If a wrong species is typed
or it is a new species not included in the master list, then
a pick-list is displayed on the screen to help the user to find
the correct name, or to add and store the new species in the
database.
Once that the complete assemblage
of a given sample has been entered in the database, several crossed
sums are computed (e.g. Holoplankton, Meroplankton, Copepods,
information that the database obtains directly from the master
list) to verify that the data have been typed correctly. Thus,
at this level of hierarchy more than 5 types of data are codified
in master tables.
4. Logistic considerations:
As the data entry process
is critical to the accuracy and proper use of the stored data,
some logistic considerations are under continuous revision to
improve the database.
Data reporting formats: With the objective of unifying
the type of information associated with cruises, stations and
marine and climatological conditions, a Data Reporting Format
was created, which must be used by those scientists using the
database. This form is independent of the discipline, and the
main purpose is to give the essential space-time information
to allow every observation to be assigned and located in a specific
project and cruise. With respect to the cruise this form includes
the following items: Project, Cruise identifier, Vessel, Start
of Cruise ddmmyyyy, End of cruise, Sampling area, Number of sampling
stations, Operator (Chief Scientist). With respect to the station
the form includes among others the following items:
Project, Cruise identifier,
Station number, Date, Station Start Longitude, Station Start
Latitude, Station Start Depth, Station Start Time, Station End
Time, Station End Longitude, Station End Latitude, Station End
Depth, Number of sampling devices, 14 different records of sea
and climatological conditions, and Operator.

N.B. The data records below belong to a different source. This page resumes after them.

lemma gauss_prime_gdvd_prime_imp_associated:
  assumes p: "gauss_prime p" and q: "gauss_prime q" and "p gdvd q"
  shows "\<exists>u\<in>gunits. q = p * u"
proof -
  obtain c where c: "c \<in> gauss_int" "q = p * c"
    using \<open>p gdvd q\<close> by (rule gdvdE)
  have "q \<noteq> 0" "p \<notin> gunits" "p \<in> gauss_int"
    using p q unfolding gauss_prime_def by auto
  have "q gdvd p \<or> q gdvd c"
    using gauss_prime_gdvd_mult[OF q \<open>p \<in> gauss_int\<close> c(1)] c(2) gdvd_refl by simp
  then show ?thesis
  proof
    assume "q gdvd p"
    then obtain d where "d \<in> gauss_int" "p = q * d" by (rule gdvdE)
    then have "c * d = 1"
      using c(2) \<open>q \<noteq> 0\<close> by (metis mult.left_commute mult_cancel_left1)
    then show ?thesis
      using c \<open>d \<in> gauss_int\<close> gauss_int_mult_eq_1_imp_unit by blast
  next
    assume "q gdvd c"
    then obtain d where "d \<in> gauss_int" "c = q * d" by (rule gdvdE)
    then have "p * d = 1"
      using c(2) \<open>q \<noteq> 0\<close> by (metis mult.left_commute mult_cancel_left1)
    then have "p \<in> gunits"
      using \<open>p \<in> gauss_int\<close> \<open>d \<in> gauss_int\<close> gauss_int_mult_eq_1_imp_unit by blast
    with \<open>p \<notin> gunits\<close> show ?thesis by blast
  qed
qed

lemma gauss_prime_power_gdvd_mult_cancel:
  assumes p: "gauss_prime p" and x: "x \<in> gauss_int" and y: "y \<in> gauss_int"
    and "\<not> p gdvd y"
  shows "p ^ k gdvd x * y \<Longrightarrow> p ^ k gdvd x"
proof (induction k)
  case 0
  show ?case by (rule gdvdI[of x]) (simp_all add: x)
next
  case (Suc k)
  have "p \<in> gauss_int" "p \<noteq> 0"
    using p unfolding gauss_prime_def by blast+
  have "p ^ k gdvd p ^ Suc k"
    unfolding power_Suc2 using \<open>p \<in> gauss_int\<close> by (rule gdvd_triv_left)
  then have "p ^ k gdvd x"
    using Suc gdvd_trans by blast
  then obtain m where m: "m \<in> gauss_int" "x = p ^ k * m" by (rule gdvdE)
  have "p ^ k * p gdvd p ^ k * (m * y)"
    using Suc.prems unfolding m(2) power_Suc2 by (simp only: mult.assoc)
  then have "p gdvd m * y"
    using gdvd_mult_cancel_left[OF power_not_zero[OF \<open>p \<noteq> 0\<close>]] by blast
  then have "p gdvd m"
    using gauss_prime_gdvd_mult[OF p m(1) y] \<open>\<not> p gdvd y\<close> by blast
  then show ?case
    unfolding m(2) power_Suc2 by (rule gdvd_mult_mono)
qed

lemma prod_prime_powers_gdvd:
  assumes "finite T" "\<forall>p\<in>T. gauss_prime p" "\<forall>p\<in>T. \<forall>q\<in>T. p gdvd q \<longrightarrow> p = q"
    "x \<in> gauss_int" "\<forall>p\<in>T. p ^ k p gdvd x"
  shows "(\<Prod>p\<in>T. p ^ k p) gdvd x"
  using assms
proof (induction T rule: finite_induct)
  case empty
  then show ?case by (intro gdvdI[of x]) simp_all
next
  case (insert p F)
  have p: "gauss_prime p"
    using insert.prems(1) by blast
  have F: "\<forall>q\<in>F. q \<in> gauss_int"
    using insert.prems(1) gauss_prime_gauss_int by blast
  have "(\<Prod>q\<in>F. q ^ k q) gdvd x"
    by (rule insert.IH) (use insert.prems in blast)+
  then obtain m where m: "m \<in> gauss_int" "x = m * (\<Prod>q\<in>F. q ^ k q)"
    by (auto elim: gdvdE simp: mult.commute)
  have "\<not> p gdvd (\<Prod>q\<in>F. q ^ k q)"
    using gauss_prime_gdvd_prod_power[OF p insert(1) F] insert.prems(2) insert(2) by blast
  moreover have "p ^ k p gdvd m * (\<Prod>q\<in>F. q ^ k q)"
    using insert.prems(4) m(2) by simp
  moreover have "(\<Prod>q\<in>F. q ^ k q) \<in> gauss_int"
    using F by (simp add: gauss_int_prod gauss_int_power)
  ultimately have "p ^ k p gdvd m"
    using gauss_prime_power_gdvd_mult_cancel[OF p m(1)] by blast
  then show ?case
    using insert(1,2) m(2) gdvd_mult_mono[of "p ^ k p" m "\<Prod>q\<in>F. q ^ k q"] by (simp add: mult.commute)
qed

section \<open>The prime \<open>1 + i\<close> and the set \<open>O\<^sup>I\<close>\<close>

lemma one_plus_i_gdvd_iff: "(1 + \<i>) gdvd Complex (of_int a) (of_int b) \<longleftrightarrow> even (a + b)"
proof
  assume "(1 + \<i>) gdvd Complex (of_int a) (of_int b)"
  then obtain e f :: int where "Complex (of_int a) (of_int b) = (1 + \<i>) * Complex e f"
    by (metis gdvdE gauss_int_iff)
  then have "real_of_int a = real_of_int (e - f)" "real_of_int b = real_of_int (e + f)"
    by (simp_all add: complex_eq_iff)
  then have "a + b = 2 * e"
    by (simp only: of_int_eq_iff)
  then show "even (a + b)" by simp
next
  assume "even (a + b)"
  then obtain k where "a + b = 2 * k" by blast
  then have "Complex (of_int a) (of_int b) = (1 + \<i>) * Complex (of_int k) (of_int (k - a))"
    by (simp add: complex_eq_iff)
  then show "(1 + \<i>) gdvd Complex (of_int a) (of_int b)"
    by (intro gdvdI) (auto simp: gauss_int_def)
qed

lemma one_plus_i_gdvd_add:
  assumes "a \<in> gauss_int" "b \<in> gauss_int" "\<not> (1 + \<i>) gdvd a" "\<not> (1 + \<i>) gdvd b"
  shows "(1 + \<i>) gdvd a + b"
proof -
  obtain a1 a2 b1 b2 :: int where ab: "a = Complex a1 a2" "b = Complex b1 b2"
    using assms(1,2) gauss_int_iff by metis
  then have "odd (a1 + a2)" "odd (b1 + b2)"
    using assms(3,4) one_plus_i_gdvd_iff by simp_all
  then have "even ((a1 + b1) + (a2 + b2))"
    by presburger
  moreover have "a + b = Complex (of_int (a1 + b1)) (of_int (a2 + b2))"
    using ab by (simp add: complex_eq_iff)
  ultimately show ?thesis
    by (simp only: one_plus_i_gdvd_iff)
qed

lemma gauss_prime_one_plus_i: "gauss_prime (1 + \<i>)"
  unfolding gauss_prime_def
proof (intro conjI ballI impI)
  show "1 + \<i> \<notin> gunits" "1 + \<i> \<noteq> 0"
    unfolding gunits_def by (auto simp: complex_eq_iff)
  fix x y assume "x \<in> gauss_int" "y \<in> gauss_int" "(1 + \<i>) gdvd x * y"
  then obtain a b c e :: int where xy: "x = Complex a b" "y = Complex c e"
    using gauss_int_iff by metis
  then have "x * y = Complex (of_int (a * c - b * e)) (of_int (a * e + b * c))"
    by (simp add: complex_eq_iff)
  then have "even ((a * c - b * e) + (a * e + b * c))"
    using \<open>(1 + \<i>) gdvd x * y\<close> by (simp only: one_plus_i_gdvd_iff)
  moreover have "(a * c - b * e) + (a * e + b * c) = (a + b) * (c + e) - 2 * (b * e)"
    by (simp add: algebra_simps)
  ultimately have "even (a + b) \<or> even (c + e)"
    by simp
  then show "(1 + \<i>) gdvd x \<or> (1 + \<i>) gdvd y"
    unfolding xy one_plus_i_gdvd_iff .
qed simp

lemma gOI_iff: "Complex (of_int a) (of_int b) \<in> gOI \<longleftrightarrow> (a + b) mod 2 = 1 \<and> a mod 4 = 1"
  unfolding gOI_def gO_def gauss_int_def by simp

lemma gOI_cases:
  assumes "z \<in> gOI"
  obtains a b :: int where "z = Complex (of_int a) (of_int b)" "a mod 4 = 1" "even b"
proof -
  obtain a b :: int where z: "z = Complex (of_int a) (of_int b)"
    using assms gauss_int_iff unfolding gOI_def gO_def by auto
  then have "(a + b) mod 2 = 1 \<and> a mod 4 = 1"
    using assms gOI_iff by simp
  then have "a mod 4 = 1" "even b" by presburger+
  then show ?thesis using z that by blast
qed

With respect to the sampling
procedures, the report format is different depending on the discipline,
but basically they contain the information necessary to: i) connect
the sampling with a specific station and cruise, and ii) define
the quality of sampling, e.g. sampling gear, type of tow, speed
of the tow, depth of sampling, volume of water filtered, existence
of clogging, etc (i.e. metadata).
Data gualitv control and
Metadata: In the
case of hydrographical parameters, an indication on quality control
can be added to the database if calibration has been applied
to the data, this is to ensure that the data are of high quality,
and to make sure that all data are processed in a similar manner.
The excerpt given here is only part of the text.